▶ _Task item_:
Gather all lines in the entries that include the word "chains".

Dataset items
+++++

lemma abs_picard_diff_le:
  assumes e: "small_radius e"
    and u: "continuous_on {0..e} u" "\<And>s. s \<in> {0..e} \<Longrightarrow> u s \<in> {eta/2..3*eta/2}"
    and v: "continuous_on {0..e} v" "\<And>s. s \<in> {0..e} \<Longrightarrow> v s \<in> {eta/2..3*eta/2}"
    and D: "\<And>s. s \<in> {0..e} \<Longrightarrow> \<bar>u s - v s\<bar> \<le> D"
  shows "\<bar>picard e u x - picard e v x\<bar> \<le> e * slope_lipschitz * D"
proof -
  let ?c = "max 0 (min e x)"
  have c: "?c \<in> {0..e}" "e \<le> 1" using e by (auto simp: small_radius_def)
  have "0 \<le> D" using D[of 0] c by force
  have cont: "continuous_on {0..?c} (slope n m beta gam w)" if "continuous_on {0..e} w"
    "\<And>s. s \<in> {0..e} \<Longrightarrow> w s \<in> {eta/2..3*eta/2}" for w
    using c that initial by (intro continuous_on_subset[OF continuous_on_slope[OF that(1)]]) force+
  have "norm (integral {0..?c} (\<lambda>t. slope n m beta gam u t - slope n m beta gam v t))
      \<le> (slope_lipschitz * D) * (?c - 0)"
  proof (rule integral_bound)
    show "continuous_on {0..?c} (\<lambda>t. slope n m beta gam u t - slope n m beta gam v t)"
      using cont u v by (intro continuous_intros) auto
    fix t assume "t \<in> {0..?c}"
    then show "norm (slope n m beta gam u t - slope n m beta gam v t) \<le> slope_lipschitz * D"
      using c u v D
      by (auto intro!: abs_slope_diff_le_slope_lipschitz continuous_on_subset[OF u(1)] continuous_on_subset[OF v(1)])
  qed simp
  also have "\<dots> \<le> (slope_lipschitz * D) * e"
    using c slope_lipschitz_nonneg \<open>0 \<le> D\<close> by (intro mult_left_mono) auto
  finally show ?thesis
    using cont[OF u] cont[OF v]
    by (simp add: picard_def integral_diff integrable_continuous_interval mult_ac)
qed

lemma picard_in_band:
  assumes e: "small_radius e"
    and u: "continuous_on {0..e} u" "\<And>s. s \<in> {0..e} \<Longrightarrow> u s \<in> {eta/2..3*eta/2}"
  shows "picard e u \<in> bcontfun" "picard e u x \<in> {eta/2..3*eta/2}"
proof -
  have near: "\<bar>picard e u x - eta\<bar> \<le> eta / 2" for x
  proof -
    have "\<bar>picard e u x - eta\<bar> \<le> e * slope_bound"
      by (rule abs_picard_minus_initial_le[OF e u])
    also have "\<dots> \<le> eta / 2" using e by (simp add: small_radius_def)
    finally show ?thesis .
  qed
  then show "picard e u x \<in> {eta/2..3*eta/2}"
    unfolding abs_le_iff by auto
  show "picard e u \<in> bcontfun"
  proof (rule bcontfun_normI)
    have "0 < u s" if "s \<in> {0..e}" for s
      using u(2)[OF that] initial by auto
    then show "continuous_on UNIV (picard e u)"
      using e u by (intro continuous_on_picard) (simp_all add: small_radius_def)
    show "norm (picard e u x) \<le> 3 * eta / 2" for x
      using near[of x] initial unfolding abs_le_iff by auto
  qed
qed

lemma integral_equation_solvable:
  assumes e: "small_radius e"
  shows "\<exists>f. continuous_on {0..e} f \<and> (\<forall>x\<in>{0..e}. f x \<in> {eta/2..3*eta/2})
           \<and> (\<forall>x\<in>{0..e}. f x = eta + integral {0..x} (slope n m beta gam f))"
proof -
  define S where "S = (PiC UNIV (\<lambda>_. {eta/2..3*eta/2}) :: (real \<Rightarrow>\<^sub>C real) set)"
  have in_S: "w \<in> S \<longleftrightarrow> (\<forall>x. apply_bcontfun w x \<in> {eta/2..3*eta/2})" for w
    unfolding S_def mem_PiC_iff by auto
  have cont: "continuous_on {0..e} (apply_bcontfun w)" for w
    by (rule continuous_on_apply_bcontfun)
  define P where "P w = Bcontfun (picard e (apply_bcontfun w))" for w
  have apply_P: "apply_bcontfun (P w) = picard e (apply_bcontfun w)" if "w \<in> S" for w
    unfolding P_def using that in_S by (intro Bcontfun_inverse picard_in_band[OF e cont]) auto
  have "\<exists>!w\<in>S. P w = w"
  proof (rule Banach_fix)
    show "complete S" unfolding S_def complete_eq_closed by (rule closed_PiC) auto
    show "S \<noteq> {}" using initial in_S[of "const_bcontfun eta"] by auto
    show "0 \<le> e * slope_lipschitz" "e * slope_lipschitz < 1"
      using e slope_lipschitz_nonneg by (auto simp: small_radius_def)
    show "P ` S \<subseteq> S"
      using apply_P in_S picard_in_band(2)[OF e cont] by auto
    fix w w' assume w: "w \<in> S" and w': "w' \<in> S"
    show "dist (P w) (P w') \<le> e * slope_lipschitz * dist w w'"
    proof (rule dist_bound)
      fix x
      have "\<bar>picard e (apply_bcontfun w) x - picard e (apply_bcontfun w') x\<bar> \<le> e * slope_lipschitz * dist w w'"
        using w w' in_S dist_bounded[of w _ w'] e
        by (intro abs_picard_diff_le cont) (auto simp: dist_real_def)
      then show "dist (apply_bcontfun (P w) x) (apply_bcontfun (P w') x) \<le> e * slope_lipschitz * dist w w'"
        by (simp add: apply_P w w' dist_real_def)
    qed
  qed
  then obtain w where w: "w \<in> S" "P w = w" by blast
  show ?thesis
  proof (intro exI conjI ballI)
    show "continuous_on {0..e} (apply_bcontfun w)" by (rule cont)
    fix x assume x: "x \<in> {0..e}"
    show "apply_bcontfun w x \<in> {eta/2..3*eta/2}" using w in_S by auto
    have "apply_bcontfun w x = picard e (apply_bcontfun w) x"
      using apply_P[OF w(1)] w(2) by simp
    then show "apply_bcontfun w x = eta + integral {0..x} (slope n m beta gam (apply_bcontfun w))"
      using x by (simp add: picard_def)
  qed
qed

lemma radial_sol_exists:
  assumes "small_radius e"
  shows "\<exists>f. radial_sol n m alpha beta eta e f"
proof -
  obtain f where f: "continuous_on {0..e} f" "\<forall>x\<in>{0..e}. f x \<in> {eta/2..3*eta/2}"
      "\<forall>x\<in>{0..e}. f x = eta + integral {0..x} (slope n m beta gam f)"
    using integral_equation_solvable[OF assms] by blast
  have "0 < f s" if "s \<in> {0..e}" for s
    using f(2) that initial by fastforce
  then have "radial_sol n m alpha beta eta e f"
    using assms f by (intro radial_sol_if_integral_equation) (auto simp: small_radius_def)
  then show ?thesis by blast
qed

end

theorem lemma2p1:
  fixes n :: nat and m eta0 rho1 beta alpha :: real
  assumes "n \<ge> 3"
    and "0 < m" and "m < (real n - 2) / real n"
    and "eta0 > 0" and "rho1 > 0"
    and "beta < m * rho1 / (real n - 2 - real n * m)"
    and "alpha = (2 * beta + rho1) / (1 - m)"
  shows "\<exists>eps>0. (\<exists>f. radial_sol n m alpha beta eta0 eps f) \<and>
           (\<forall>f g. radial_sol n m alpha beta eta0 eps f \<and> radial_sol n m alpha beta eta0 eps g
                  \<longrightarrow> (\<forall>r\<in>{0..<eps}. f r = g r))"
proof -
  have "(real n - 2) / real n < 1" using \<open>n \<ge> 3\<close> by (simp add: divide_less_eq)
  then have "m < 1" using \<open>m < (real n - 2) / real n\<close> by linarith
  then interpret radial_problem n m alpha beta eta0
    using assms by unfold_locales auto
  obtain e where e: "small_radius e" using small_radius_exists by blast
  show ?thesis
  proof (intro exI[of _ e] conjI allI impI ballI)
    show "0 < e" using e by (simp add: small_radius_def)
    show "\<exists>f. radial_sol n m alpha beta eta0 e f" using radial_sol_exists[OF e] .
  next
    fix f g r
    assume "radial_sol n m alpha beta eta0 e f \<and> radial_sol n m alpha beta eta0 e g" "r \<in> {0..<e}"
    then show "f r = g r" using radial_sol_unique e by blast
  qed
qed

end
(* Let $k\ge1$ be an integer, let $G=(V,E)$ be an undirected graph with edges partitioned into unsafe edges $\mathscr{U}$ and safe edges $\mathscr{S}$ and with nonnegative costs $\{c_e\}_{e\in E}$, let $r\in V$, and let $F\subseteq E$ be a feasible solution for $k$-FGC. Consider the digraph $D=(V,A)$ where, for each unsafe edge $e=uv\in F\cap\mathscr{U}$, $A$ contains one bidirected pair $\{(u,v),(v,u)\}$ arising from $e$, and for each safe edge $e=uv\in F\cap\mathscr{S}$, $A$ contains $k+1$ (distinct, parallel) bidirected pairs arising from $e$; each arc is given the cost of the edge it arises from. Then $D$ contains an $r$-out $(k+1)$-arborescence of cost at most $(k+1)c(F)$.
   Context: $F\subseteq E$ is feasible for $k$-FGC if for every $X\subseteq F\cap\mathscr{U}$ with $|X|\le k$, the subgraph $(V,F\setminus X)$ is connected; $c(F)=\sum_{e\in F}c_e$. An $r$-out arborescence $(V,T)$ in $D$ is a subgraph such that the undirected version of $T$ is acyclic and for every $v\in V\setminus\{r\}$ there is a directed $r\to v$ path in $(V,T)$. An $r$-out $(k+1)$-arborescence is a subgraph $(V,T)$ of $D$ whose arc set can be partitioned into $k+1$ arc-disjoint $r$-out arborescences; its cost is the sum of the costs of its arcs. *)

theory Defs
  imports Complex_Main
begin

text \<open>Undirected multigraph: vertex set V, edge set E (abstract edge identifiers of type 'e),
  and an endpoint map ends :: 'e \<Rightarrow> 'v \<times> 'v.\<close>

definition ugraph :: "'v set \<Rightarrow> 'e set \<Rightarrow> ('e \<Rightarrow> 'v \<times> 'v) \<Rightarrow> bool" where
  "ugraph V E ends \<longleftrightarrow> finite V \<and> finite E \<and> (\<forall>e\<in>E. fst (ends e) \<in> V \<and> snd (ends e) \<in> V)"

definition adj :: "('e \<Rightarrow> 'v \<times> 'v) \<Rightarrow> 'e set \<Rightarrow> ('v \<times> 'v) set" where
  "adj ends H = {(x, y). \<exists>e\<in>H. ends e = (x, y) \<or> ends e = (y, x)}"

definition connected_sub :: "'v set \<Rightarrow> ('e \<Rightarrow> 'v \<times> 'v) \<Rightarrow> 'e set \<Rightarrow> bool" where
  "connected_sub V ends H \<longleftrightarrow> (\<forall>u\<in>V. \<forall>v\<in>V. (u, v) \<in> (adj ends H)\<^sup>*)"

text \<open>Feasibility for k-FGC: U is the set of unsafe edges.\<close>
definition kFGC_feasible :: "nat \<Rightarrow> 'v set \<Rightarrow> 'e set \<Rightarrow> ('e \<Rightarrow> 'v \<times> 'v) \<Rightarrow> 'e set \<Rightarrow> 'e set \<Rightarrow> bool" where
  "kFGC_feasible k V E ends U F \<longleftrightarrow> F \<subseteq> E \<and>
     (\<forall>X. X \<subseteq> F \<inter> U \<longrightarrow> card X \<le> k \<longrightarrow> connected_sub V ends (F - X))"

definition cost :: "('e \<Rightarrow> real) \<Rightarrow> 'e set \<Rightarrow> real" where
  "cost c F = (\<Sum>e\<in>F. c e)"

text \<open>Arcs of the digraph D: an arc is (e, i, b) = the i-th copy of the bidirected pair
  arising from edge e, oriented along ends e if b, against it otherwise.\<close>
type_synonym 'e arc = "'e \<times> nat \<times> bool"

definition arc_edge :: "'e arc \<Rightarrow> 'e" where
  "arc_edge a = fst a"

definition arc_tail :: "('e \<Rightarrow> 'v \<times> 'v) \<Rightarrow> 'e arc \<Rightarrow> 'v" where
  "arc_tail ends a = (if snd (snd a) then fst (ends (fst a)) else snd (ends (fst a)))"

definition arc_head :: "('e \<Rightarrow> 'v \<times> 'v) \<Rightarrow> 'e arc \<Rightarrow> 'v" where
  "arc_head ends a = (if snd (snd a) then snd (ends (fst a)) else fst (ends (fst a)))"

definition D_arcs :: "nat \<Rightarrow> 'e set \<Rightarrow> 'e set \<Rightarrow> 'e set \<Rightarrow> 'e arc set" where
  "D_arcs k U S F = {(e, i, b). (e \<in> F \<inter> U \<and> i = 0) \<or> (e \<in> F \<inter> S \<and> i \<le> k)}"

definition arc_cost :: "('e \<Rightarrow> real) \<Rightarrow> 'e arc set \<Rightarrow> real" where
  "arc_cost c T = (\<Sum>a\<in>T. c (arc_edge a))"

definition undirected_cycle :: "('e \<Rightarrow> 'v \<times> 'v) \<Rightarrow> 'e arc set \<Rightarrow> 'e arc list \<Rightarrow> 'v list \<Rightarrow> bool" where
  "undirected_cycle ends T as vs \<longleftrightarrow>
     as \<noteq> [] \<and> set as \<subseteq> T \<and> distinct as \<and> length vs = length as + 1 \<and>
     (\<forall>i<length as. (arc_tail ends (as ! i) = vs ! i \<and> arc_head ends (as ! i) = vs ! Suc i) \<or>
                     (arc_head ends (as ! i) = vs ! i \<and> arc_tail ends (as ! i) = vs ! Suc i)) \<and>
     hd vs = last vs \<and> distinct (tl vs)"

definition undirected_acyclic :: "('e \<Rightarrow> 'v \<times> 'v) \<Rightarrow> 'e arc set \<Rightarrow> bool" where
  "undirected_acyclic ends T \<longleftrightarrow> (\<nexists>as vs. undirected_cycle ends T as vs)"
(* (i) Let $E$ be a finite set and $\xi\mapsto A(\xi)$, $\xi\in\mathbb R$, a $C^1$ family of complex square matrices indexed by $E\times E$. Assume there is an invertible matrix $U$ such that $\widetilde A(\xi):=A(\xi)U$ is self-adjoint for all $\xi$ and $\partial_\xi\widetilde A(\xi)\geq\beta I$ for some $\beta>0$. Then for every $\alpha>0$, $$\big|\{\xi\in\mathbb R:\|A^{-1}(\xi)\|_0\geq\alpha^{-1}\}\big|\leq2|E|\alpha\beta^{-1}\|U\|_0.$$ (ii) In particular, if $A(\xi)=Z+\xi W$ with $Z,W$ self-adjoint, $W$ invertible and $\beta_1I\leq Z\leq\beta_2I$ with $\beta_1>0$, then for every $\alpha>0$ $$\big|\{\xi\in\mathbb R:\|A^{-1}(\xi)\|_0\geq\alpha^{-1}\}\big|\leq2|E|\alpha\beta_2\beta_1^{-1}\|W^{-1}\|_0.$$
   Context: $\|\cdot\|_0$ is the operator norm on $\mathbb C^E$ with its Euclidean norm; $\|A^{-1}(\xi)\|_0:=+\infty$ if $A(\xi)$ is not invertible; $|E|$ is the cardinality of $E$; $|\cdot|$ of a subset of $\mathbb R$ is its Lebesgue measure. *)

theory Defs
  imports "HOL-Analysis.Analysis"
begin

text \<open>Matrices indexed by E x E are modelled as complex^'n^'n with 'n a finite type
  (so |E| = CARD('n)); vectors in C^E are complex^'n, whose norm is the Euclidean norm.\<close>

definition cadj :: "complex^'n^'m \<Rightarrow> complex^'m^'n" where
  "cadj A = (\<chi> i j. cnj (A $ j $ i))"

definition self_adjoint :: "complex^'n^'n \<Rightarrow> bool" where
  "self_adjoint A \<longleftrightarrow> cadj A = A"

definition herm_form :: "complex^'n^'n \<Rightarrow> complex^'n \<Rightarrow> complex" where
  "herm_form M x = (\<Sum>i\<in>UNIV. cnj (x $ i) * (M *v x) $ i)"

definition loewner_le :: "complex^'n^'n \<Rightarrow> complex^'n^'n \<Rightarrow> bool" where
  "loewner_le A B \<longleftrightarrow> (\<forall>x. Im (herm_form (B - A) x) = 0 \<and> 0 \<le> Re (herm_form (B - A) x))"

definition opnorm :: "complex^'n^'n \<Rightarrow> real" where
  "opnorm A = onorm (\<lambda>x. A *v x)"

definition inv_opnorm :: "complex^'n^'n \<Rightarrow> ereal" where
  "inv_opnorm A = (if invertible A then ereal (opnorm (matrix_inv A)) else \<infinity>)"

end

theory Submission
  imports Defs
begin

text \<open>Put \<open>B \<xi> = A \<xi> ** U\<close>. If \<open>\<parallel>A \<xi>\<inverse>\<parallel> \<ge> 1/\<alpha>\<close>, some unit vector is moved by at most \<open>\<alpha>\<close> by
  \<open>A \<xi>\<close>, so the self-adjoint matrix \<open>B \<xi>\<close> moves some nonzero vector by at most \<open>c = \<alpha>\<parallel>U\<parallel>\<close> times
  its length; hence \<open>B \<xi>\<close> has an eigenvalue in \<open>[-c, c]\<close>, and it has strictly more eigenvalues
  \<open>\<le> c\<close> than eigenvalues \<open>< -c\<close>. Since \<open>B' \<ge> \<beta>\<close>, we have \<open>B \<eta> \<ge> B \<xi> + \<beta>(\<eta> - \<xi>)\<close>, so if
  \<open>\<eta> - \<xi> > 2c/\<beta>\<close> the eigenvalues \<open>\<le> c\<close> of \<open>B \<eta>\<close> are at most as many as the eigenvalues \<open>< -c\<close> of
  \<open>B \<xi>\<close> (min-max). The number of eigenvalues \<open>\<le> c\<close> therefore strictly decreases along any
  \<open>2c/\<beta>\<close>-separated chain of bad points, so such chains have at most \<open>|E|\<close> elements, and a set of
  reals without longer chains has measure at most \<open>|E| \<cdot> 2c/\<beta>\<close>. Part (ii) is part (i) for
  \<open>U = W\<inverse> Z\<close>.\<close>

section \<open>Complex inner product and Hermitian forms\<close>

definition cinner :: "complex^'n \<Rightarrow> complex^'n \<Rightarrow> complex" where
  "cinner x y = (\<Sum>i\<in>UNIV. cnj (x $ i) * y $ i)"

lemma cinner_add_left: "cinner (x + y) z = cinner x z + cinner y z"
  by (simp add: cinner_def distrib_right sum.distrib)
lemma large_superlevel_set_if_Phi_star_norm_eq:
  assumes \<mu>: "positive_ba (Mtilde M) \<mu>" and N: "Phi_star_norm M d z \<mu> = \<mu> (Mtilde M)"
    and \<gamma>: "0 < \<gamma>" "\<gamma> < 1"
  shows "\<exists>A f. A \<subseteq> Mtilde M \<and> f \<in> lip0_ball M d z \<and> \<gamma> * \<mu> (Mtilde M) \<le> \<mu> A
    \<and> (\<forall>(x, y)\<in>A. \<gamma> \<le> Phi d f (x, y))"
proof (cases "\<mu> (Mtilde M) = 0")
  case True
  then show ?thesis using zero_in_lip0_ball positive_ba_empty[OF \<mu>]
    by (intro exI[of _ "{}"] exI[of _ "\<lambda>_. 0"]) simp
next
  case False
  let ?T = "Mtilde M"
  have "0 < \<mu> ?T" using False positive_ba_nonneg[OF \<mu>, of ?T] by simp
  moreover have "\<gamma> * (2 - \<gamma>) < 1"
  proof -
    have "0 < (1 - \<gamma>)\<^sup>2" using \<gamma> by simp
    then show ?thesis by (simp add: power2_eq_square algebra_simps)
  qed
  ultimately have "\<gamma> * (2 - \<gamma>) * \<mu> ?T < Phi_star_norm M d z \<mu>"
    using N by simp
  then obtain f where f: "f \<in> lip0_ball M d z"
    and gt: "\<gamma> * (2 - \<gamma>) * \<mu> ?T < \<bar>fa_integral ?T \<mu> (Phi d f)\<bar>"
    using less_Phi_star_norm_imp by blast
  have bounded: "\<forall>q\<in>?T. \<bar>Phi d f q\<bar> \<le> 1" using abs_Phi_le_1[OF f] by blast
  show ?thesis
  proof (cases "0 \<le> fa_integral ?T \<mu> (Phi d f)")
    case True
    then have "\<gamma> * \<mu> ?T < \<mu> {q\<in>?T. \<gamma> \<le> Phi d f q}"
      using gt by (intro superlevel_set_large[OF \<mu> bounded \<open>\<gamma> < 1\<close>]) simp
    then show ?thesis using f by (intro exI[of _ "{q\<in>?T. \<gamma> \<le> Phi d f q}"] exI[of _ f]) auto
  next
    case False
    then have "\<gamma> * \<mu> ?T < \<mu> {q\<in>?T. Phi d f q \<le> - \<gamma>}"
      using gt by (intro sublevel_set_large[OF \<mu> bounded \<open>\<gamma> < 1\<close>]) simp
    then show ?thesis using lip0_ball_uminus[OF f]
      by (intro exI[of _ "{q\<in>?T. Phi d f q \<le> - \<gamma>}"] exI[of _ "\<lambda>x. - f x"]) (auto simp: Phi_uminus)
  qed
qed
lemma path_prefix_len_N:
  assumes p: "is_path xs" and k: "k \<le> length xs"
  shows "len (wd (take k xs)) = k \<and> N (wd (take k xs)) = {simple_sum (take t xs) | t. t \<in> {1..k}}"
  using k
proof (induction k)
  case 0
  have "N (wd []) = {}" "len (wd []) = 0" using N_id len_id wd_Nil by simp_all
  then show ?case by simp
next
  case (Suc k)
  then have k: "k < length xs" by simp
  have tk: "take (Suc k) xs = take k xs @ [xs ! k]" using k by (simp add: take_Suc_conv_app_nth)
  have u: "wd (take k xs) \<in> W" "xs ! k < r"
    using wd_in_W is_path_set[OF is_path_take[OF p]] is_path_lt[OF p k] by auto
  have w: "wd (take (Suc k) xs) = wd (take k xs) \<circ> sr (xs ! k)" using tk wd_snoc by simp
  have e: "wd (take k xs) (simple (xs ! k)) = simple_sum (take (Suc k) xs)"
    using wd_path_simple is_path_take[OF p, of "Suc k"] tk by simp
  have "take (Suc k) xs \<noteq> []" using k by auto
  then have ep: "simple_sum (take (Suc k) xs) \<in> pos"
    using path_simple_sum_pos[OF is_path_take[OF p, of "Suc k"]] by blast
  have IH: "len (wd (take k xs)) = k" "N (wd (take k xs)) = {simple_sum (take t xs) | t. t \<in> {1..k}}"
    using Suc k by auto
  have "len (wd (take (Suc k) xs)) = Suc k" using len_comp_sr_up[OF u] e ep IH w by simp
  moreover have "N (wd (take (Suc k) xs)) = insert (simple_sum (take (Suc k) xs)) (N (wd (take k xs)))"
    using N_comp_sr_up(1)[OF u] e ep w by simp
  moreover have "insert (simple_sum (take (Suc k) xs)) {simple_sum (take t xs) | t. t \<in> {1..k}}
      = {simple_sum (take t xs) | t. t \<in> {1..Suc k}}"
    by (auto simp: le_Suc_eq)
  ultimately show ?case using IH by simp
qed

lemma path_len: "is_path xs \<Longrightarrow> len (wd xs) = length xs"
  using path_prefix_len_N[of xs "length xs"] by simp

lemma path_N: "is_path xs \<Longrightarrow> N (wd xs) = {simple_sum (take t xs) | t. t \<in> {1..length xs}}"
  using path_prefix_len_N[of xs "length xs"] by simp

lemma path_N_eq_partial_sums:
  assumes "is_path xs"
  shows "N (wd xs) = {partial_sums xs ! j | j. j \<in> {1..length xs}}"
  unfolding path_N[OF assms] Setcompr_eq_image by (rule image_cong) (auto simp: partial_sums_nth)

+++++

▶ _Result of this exercise_:
  \<open>2c/\<beta>\<close>-separated chain of bad points, so such chains have at most \<open>|E|\<close> elements, and a set of
  reals without longer chains has measure at most \<open>|E| \<cdot> 2c/\<beta>\<close>. Part (ii) is part (i) for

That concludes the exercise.